_TASK DETAILS_
Pick each line containing the word "assms" out of the data below.

☆ ☆ ☆ ☆ ☆

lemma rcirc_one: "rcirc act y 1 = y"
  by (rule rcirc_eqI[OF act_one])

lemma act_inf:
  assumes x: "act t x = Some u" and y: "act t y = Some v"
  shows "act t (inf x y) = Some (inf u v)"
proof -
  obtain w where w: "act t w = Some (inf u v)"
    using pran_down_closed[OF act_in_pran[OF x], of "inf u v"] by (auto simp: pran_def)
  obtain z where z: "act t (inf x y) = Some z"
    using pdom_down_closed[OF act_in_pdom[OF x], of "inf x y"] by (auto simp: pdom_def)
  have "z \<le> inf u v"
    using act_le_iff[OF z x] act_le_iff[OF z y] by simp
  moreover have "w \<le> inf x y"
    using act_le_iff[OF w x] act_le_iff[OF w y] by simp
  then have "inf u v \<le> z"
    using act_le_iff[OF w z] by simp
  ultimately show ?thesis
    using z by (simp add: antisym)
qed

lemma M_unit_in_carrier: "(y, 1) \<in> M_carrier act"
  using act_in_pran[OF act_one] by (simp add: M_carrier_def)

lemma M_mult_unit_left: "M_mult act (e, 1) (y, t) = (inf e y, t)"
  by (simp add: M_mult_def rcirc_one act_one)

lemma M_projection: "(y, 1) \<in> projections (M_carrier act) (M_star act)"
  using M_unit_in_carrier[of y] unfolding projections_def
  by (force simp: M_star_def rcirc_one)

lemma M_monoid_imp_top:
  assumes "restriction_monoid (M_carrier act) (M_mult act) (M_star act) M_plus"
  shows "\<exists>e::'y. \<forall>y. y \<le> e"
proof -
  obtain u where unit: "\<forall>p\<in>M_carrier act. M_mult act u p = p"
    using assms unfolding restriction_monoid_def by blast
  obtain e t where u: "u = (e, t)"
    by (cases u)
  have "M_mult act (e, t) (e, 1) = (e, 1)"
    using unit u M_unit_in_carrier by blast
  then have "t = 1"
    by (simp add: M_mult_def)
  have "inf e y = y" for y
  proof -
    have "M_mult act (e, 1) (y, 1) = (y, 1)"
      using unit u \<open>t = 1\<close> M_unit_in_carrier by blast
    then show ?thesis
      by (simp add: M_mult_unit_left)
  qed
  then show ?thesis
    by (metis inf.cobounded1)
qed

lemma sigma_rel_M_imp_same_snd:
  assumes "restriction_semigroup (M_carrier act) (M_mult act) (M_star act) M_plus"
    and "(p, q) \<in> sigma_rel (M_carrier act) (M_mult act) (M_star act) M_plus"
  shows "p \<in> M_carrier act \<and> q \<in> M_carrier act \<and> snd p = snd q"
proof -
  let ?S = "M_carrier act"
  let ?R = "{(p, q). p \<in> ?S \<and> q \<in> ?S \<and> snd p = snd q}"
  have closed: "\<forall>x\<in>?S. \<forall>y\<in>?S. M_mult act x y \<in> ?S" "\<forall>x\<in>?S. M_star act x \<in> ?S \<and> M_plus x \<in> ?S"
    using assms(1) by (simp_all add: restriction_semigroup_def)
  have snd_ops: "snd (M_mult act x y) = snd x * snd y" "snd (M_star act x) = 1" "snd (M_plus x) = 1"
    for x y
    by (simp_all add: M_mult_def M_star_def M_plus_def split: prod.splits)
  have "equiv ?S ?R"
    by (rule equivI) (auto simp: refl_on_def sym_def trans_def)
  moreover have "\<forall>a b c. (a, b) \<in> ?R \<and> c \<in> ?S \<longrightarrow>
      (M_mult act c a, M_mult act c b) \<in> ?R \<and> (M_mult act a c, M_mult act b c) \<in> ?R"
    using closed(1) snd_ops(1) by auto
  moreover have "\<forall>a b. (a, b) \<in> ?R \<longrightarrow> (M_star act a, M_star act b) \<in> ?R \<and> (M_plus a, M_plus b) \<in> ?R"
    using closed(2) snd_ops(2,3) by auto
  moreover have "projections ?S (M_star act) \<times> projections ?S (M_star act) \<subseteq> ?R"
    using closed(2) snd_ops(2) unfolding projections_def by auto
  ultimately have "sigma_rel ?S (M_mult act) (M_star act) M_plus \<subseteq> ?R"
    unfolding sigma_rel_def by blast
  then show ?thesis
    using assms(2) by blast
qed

☆ ☆ ☆ ☆ ☆

_TASK ANSWER_
    using assms unfolding restriction_monoid_def by blast
    using assms(1) by (simp_all add: restriction_semigroup_def)
    using assms(2) by blast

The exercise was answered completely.